Halle Rationalistic Pietism
            We should never underestimate the power and influence of Halle University and its rationalistic Pietism. The founder of the ULCA/LCA tradition was Henry Melchior Muhlenberg, who taught at the Franke Foundation orphanage at Halle. The real founder of the Missouri Synod, Martin Stephan, attended but did not graduate from Halle University. In fact, Stephan never graduated from a university and was not qualified to be a pastor. His position as a Bohemian and Pietist gave him the credibility to be called to the Pietist congregation, which was closely allied with the Pietist Zinzendorf. The Pietist Stephan attracted the attention of the Pietistic Walther group of clergy, who gravitated to Stephan when their Pietist guru - Johann Gottlieb Kuehn - suddenly died.
The main theologian of the Wisconsin Synod, Adolph Hoenecke, graduated from Halle University in 1859. His mentor Tholuck was a Universalist. Thus we should not be too shocked that Hoenecke wrote about General Justification, a misleading translation of the German term – algemeine Rechtfertigung – Universal Justification (every single one, no exceptions, as in Universal Conscription).
            As one theological student asked, “What happened to Subjective Justification in the mainline denominations like ELCA?” The best explanation comes from the meaning of the term – not faith in Christ, but faith in Universal Justification – “the former is universal, “as the Calvinist Woods translated. The nature of Subjective Justification dooms it to make faith irrelevant, as Webber’s essay has demonstrated with countless, stolid, prolixic, redundancies.
Another Obscure Pietistic Hero
            Webber enjoys citing Pietists and baptizing them as orthodox or confessional Lutherans. The seldom-cited Quistorp gets that treatment from Webber, which would make church historians gasp in wonder. Strangely, Webber begins his essay citing Professor Caroll Herman Little, who once served as president of the seminary I attended – Waterloo Lutheran in Ontario, Canada. Robert Preus once mentioned Little to me and doubtless taught Little as an example of a ULCA pastor who agreed with the LCMS about doctrine. One little problem remains – the Canada Synod was Pietistic. For example, when one of the patriarchs of the synod visited a home and saw the boys playing cards, he said nothing. On Sunday, old Reble delivered a blistering sermon on the evils of playing cards – a typical Pietistic sermon for that era. Like most readers I have to wonder why Little’s opinions about justification matter to anyone.
Misuse of Justification as a Term
            The Objective Justification cabal has decided that their peculiar dogma is the justification of the Reformation, the Book of Concord, and the Scriptures. Rather than attack justification by faith directly, they simply substitute their philosophy for Biblical doctrine, knowing well that their OJ terminology is found no earlier than Pietism – after the Reformation – and freely witnessed in various denominations and even in cults.

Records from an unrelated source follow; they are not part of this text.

(* Let $\varphi : X \to Y$ be a morphism in $\mathscr{C}$ with kernel $\kappa : K\to X$. Then $\varphi$ is $\{1,3\}$-invertible if and only if $\varphi$ is regular and $\kappa\kappa^{*} : K\to K$ is invertible. In this case, for every $\psi : Y\to X$ with $\varphi\psi\varphi=\varphi$, $$\psi\,[1_X-\kappa^{*}(\kappa\kappa^{*})^{-1}\kappa]$$ is a $\{1,3\}$-inverse of $\varphi$.
   Context: $\mathscr{C}$ is an additive category with an involution $*$: a map on morphisms sending $\varphi : X\to Y$ to $\varphi^* : Y \to X$ such that $(\varphi^* )^*=\varphi$, $(\varphi\psi)^*=\psi^*\varphi^*$ and $(\varphi+\phi)^*=\varphi^*+\phi^*$. Composition is written left to right: for $\varphi : X\to Y$ and $\psi : Y\to Z$, $\varphi\psi : X \to Z$ means "first $\varphi$, then $\psi$". A kernel of $\varphi : X\to Y$ is a morphism $\kappa : K\to X$ with $\kappa\varphi=0$ such that every $\alpha : M\to X$ with $\alpha\varphi=0$ factors uniquely as $\alpha=\alpha'\kappa$. $\varphi$ is regular if there is $\chi : Y\to X$ with $\varphi\chi\varphi=\varphi$. A $\{1,3\}$-inverse of $\varphi$ is a morphism $\chi : Y\to X$ with $\varphi\chi\varphi=\varphi$ and $(\varphi\chi)^*=\varphi\chi$. A morphism is invertible if it has a two-sided inverse. *)

theory Defs
  imports Main
begin

text \<open>An additive category with involution, given explicitly by hom-sets.
  Composition cmp is written diagrammatically: cmp f g = "first f, then g".\<close>

locale additive_inv_cat =
  fixes hom :: "'o \<Rightarrow> 'o \<Rightarrow> 'm set"
    and cmp :: "'m \<Rightarrow> 'm \<Rightarrow> 'm"
    and idm :: "'o \<Rightarrow> 'm"
    and zer :: "'o \<Rightarrow> 'o \<Rightarrow> 'm"
    and add :: "'m \<Rightarrow> 'm \<Rightarrow> 'm"
    and neg :: "'m \<Rightarrow> 'm"
    and star :: "'m \<Rightarrow> 'm"
  assumes hom_disjoint: "\<And>f X Y X' Y'. f \<in> hom X Y \<Longrightarrow> f \<in> hom X' Y' \<Longrightarrow> X = X' \<and> Y = Y'"
    and cmp_closed: "\<And>f g X Y Z. f \<in> hom X Y \<Longrightarrow> g \<in> hom Y Z \<Longrightarrow> cmp f g \<in> hom X Z"
    and cmp_assoc: "\<And>f g h W X Y Z. f \<in> hom W X \<Longrightarrow> g \<in> hom X Y \<Longrightarrow> h \<in> hom Y Z \<Longrightarrow>
                     cmp (cmp f g) h = cmp f (cmp g h)"
    and idm_closed: "\<And>X. idm X \<in> hom X X"
    and idm_left: "\<And>f X Y. f \<in> hom X Y \<Longrightarrow> cmp (idm X) f = f"
    and idm_right: "\<And>f X Y. f \<in> hom X Y \<Longrightarrow> cmp f (idm Y) = f"
    and zer_closed: "\<And>X Y. zer X Y \<in> hom X Y"
    and add_closed: "\<And>f g X Y. f \<in> hom X Y \<Longrightarrow> g \<in> hom X Y \<Longrightarrow> add f g \<in> hom X Y"
    and neg_closed: "\<And>f X Y. f \<in> hom X Y \<Longrightarrow> neg f \<in> hom X Y"
    and add_assoc: "\<And>f g h X Y. f \<in> hom X Y \<Longrightarrow> g \<in> hom X Y \<Longrightarrow> h \<in> hom X Y \<Longrightarrow>
                     add (add f g) h = add f (add g h)"
    and add_comm: "\<And>f g X Y. f \<in> hom X Y \<Longrightarrow> g \<in> hom X Y \<Longrightarrow> add f g = add g f"
    and add_zer: "\<And>f X Y. f \<in> hom X Y \<Longrightarrow> add f (zer X Y) = f"
    and add_neg: "\<And>f X Y. f \<in> hom X Y \<Longrightarrow> add f (neg f) = zer X Y"
    and cmp_add_left: "\<And>f g h X Y Z. f \<in> hom X Y \<Longrightarrow> g \<in> hom X Y \<Longrightarrow> h \<in> hom Y Z \<Longrightarrow>
                     cmp (add f g) h = add (cmp f h) (cmp g h)"
    and cmp_add_right: "\<And>f g h X Y Z. f \<in> hom X Y \<Longrightarrow> g \<in> hom Y Z \<Longrightarrow> h \<in> hom Y Z \<Longrightarrow>
                     cmp f (add g h) = add (cmp f g) (cmp f h)"
    and zero_object: "\<exists>Z. \<forall>X. hom Z X = {zer Z X} \<and> hom X Z = {zer X Z}"
    and biproducts: "\<And>X Y. \<exists>S i1 i2 p1 p2. i1 \<in> hom X S \<and> i2 \<in> hom Y S \<and> p1 \<in> hom S X \<and> p2 \<in> hom S Y
                     \<and> cmp i1 p1 = idm X \<and> cmp i2 p2 = idm Y \<and> cmp i1 p2 = zer X Y \<and> cmp i2 p1 = zer Y X
                     \<and> add (cmp p1 i1) (cmp p2 i2) = idm S"
    and inv_closed: "\<And>f X Y. f \<in> hom X Y \<Longrightarrow> star f \<in> hom Y X"
    and inv_inv: "\<And>f X Y. f \<in> hom X Y \<Longrightarrow> star (star f) = f"
    and inv_cmp: "\<And>f g X Y Z. f \<in> hom X Y \<Longrightarrow> g \<in> hom Y Z \<Longrightarrow> star (cmp f g) = cmp (star g) (star f)"
    and inv_add: "\<And>f g X Y. f \<in> hom X Y \<Longrightarrow> g \<in> hom X Y \<Longrightarrow> star (add f g) = add (star f) (star g)"

definition is_kernel ::
  "('o \<Rightarrow> 'o \<Rightarrow> 'm set) \<Rightarrow> ('m \<Rightarrow> 'm \<Rightarrow> 'm) \<Rightarrow> ('o \<Rightarrow> 'o \<Rightarrow> 'm) \<Rightarrow> 'm \<Rightarrow> 'o \<Rightarrow> 'o \<Rightarrow> 'm \<Rightarrow> 'o \<Rightarrow> bool"
  where "is_kernel hom cmp zer phi X Y kappa K \<longleftrightarrow>
     kappa \<in> hom K X \<and> cmp kappa phi = zer K Y \<and>
     (\<forall>M alpha. alpha \<in> hom M X \<and> cmp alpha phi = zer M Y \<longrightarrow>
        (\<exists>!alpha'. alpha' \<in> hom M K \<and> alpha = cmp alpha' kappa))"

definition regular_mor ::
  "('o \<Rightarrow> 'o \<Rightarrow> 'm set) \<Rightarrow> ('m \<Rightarrow> 'm \<Rightarrow> 'm) \<Rightarrow> 'm \<Rightarrow> 'o \<Rightarrow> 'o \<Rightarrow> bool"
  where "regular_mor hom cmp phi X Y \<longleftrightarrow> (\<exists>chi \<in> hom Y X. cmp (cmp phi chi) phi = phi)"

definition inverse13 ::
  "('o \<Rightarrow> 'o \<Rightarrow> 'm set) \<Rightarrow> ('m \<Rightarrow> 'm \<Rightarrow> 'm) \<Rightarrow> ('m \<Rightarrow> 'm) \<Rightarrow> 'm \<Rightarrow> 'o \<Rightarrow> 'o \<Rightarrow> 'm \<Rightarrow> bool"
  where "inverse13 hom cmp star phi X Y chi \<longleftrightarrow>
     chi \<in> hom Y X \<and> cmp (cmp phi chi) phi = phi \<and> star (cmp phi chi) = cmp phi chi"

definition invertible_mor ::
  "('o \<Rightarrow> 'o \<Rightarrow> 'm set) \<Rightarrow> ('m \<Rightarrow> 'm \<Rightarrow> 'm) \<Rightarrow> ('o \<Rightarrow> 'm) \<Rightarrow> 'm \<Rightarrow> 'o \<Rightarrow> 'o \<Rightarrow> bool"
  where "invertible_mor hom cmp idm f X Y \<longleftrightarrow>
     (\<exists>g \<in> hom Y X. cmp f g = idm X \<and> cmp g f = idm Y)"

end

theory Submission imports Defs begin

text \<open>Both directions rest on one observation: if \<open>\<phi>\<psi>\<phi> = \<phi>\<close>, then \<open>1 - \<phi>\<psi>\<close> kills \<open>\<phi>\<close>, so it
  factors as \<open>r\<kappa>\<close> through the kernel, and \<open>\<kappa>r = 1\<close> because \<open>\<kappa>\<phi> = 0\<close> and \<open>\<kappa>\<close> is monic.
  If \<open>\<phi>\<psi>\<close> is self-adjoint, then so is \<open>r\<kappa>\<close>, and \<open>r\<^sup>*r\<close> inverts \<open>\<kappa>\<kappa>\<^sup>*\<close>. Conversely, if
  \<open>g\<close> inverts \<open>\<kappa>\<kappa>\<^sup>*\<close>, then \<open>Q = 1 - \<kappa>\<^sup>*g\<kappa>\<close> is self-adjoint with \<open>\<kappa>Q = 0\<close> and \<open>Q\<phi> = \<phi>\<close>;
  from \<open>\<kappa>Q = 0\<close> we get \<open>(1 - \<phi>\<psi>)Q = r\<kappa>Q = 0\<close>, i.e. \<open>\<phi>\<psi>Q = Q\<close>, so \<open>\<psi>Q\<close> is a \<open>{1,3}\<close>-inverse.\<close>

context additive_inv_cat
begin
(* Let $m,n,k$ be positive integers, $A\in\mathbb{R}^{m\times n}$ satisfying the $(2k+1)$-RIP with $\|A_i\|_2=1$ for every column $A_i$, $x^*\in\mathbb{R}^n$ with support $S^*$, $|S^*|\le k$, $e\in\mathbb{R}^m$, $y=Ax^*+e$. For every initialization $\mathcal{X}^0$, every $\eta>0$ and every $t\in\mathbb{N}$, the SEA iterates satisfy $$\left\|\frac{u^t}{\eta}-A^T(Ax^t-y)\right\|_\infty=\frac1\eta\|b^t\|_\infty\le\alpha_k^{RIP}\|x^*\|_2+\gamma_k^{RIP}\|e\|_2,$$ where $b^t=u^t-\eta A^T(Ax^t-y)$.
   Context: For $l\in\{1,\dots,n\}$, the restricted isometry constant $\delta_l$ of $A$ is the smallest $\delta\ge0$ such that $(1-\delta)\|x\|_2^2\le\|Ax\|_2^2\le(1+\delta)\|x\|_2^2$ for all $x$ with at most $l$ nonzero entries; $A$ satisfies the $l$-RIP if $\delta_l<1$. $\alpha_k^{RIP}=\delta_{2k+1}\left(1+\frac{\delta_{2k}}{1-\delta_k}\right)$ and $\gamma_k^{RIP}=1+\frac{\delta_{2k+1}\sqrt{1+\delta_k}}{1-\delta_k}$. $S^*=\{i:x^*_i\neq0\}$. For $v\in\mathbb{R}^n$, $\mathrm{largest}_k(v)$ is the set of indices of the $k$ entries of $v$ with largest absolute value (ties broken by selecting the highest indices). For $S\subseteq\{1,\dots,n\}$, $A_S$ is the submatrix of columns indexed by $S$, $v_S$ the restriction of a vector to $S$, $A_S^\dagger$ the Moore–Penrose pseudoinverse of $A_S$. SEA with initialization $\mathcal{X}^0$ and step size $\eta$ generates, for $t=0,1,2,\dots$: $S^t=\mathrm{largest}_k(\mathcal{X}^t)$; $x^t_i=0$ for $i\notin S^t$ and $x^t_{S^t}=A_{S^t}^\dagger y$; $\mathcal{X}^{t+1}=\mathcal{X}^t-\eta A^T(Ax^t-y)$. The oracle direction is $u^t_i=-\eta x^*_i$ if $i\in S^*\setminus S^t$ and $u^t_i=0$ otherwise. *)

theory Defs
  imports Complex_Main
begin

text \<open>Conventions: indices are 0-based. A vector in R^n is a function nat => real,
  only its values on {..<n} matter; an m x n matrix is a function nat => nat => real,
  only its values on {..<m} x {..<n} matter.\<close>

definition mat_vec :: "nat \<Rightarrow> (nat \<Rightarrow> nat \<Rightarrow> real) \<Rightarrow> (nat \<Rightarrow> real) \<Rightarrow> nat \<Rightarrow> real" where
  "mat_vec n A x = (\<lambda>i. \<Sum>j<n. A i j * x j)"

definition tmat_vec :: "nat \<Rightarrow> (nat \<Rightarrow> nat \<Rightarrow> real) \<Rightarrow> (nat \<Rightarrow> real) \<Rightarrow> nat \<Rightarrow> real" where
  "tmat_vec m A r = (\<lambda>j. \<Sum>i<m. A i j * r i)"

definition norm2 :: "nat \<Rightarrow> (nat \<Rightarrow> real) \<Rightarrow> real" where
  "norm2 n x = sqrt (\<Sum>i<n. (x i)\<^sup>2)"

definition norm_inf :: "nat \<Rightarrow> (nat \<Rightarrow> real) \<Rightarrow> real" where
  "norm_inf n x = Max ((\<lambda>i. \<bar>x i\<bar>) ` {..<n})"

definition sparse :: "nat \<Rightarrow> nat \<Rightarrow> (nat \<Rightarrow> real) \<Rightarrow> bool" where
  "sparse n l x \<longleftrightarrow> card {i. i < n \<and> x i \<noteq> 0} \<le> l"

definition rip_const :: "nat \<Rightarrow> nat \<Rightarrow> (nat \<Rightarrow> nat \<Rightarrow> real) \<Rightarrow> nat \<Rightarrow> real" where
  "rip_const m n A l = Inf {\<delta>. \<delta> \<ge> 0 \<and> (\<forall>x. sparse n l x \<longrightarrow>
      (1 - \<delta>) * (norm2 n x)\<^sup>2 \<le> (norm2 m (mat_vec n A x))\<^sup>2 \<and>
      (norm2 m (mat_vec n A x))\<^sup>2 \<le> (1 + \<delta>) * (norm2 n x)\<^sup>2)}"

definition alpha_rip :: "nat \<Rightarrow> nat \<Rightarrow> (nat \<Rightarrow> nat \<Rightarrow> real) \<Rightarrow> nat \<Rightarrow> real" where
  "alpha_rip m n A k = rip_const m n A (2*k+1) *
     (1 + rip_const m n A (2*k) / (1 - rip_const m n A k))"

definition gamma_rip :: "nat \<Rightarrow> nat \<Rightarrow> (nat \<Rightarrow> nat \<Rightarrow> real) \<Rightarrow> nat \<Rightarrow> real" where
  "gamma_rip m n A k = 1 + rip_const m n A (2*k+1) * sqrt (1 + rip_const m n A k)
     / (1 - rip_const m n A k)"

“As an objective fact, justification is applied to the entire human race fully redeemed in Christ. [Read Rom. 5:18.] – Adventist website - http://www.jacksequeira.org/issues06.htm
“ Legal universal justification implies that all human beings come into the world legally saved, pardoned, justified; from God's perspective they are not lost. If it is true that every human being who has been and will be born on this planet was present in Christ when he died and that they all were legally justified, then those who are not yet born have already been justified.” Adventist website –
One should not be shocked by Synodical Conference authors praising justification in the words of Luther and switching to OJ for the rest of the essay. Webber is almost this obvious.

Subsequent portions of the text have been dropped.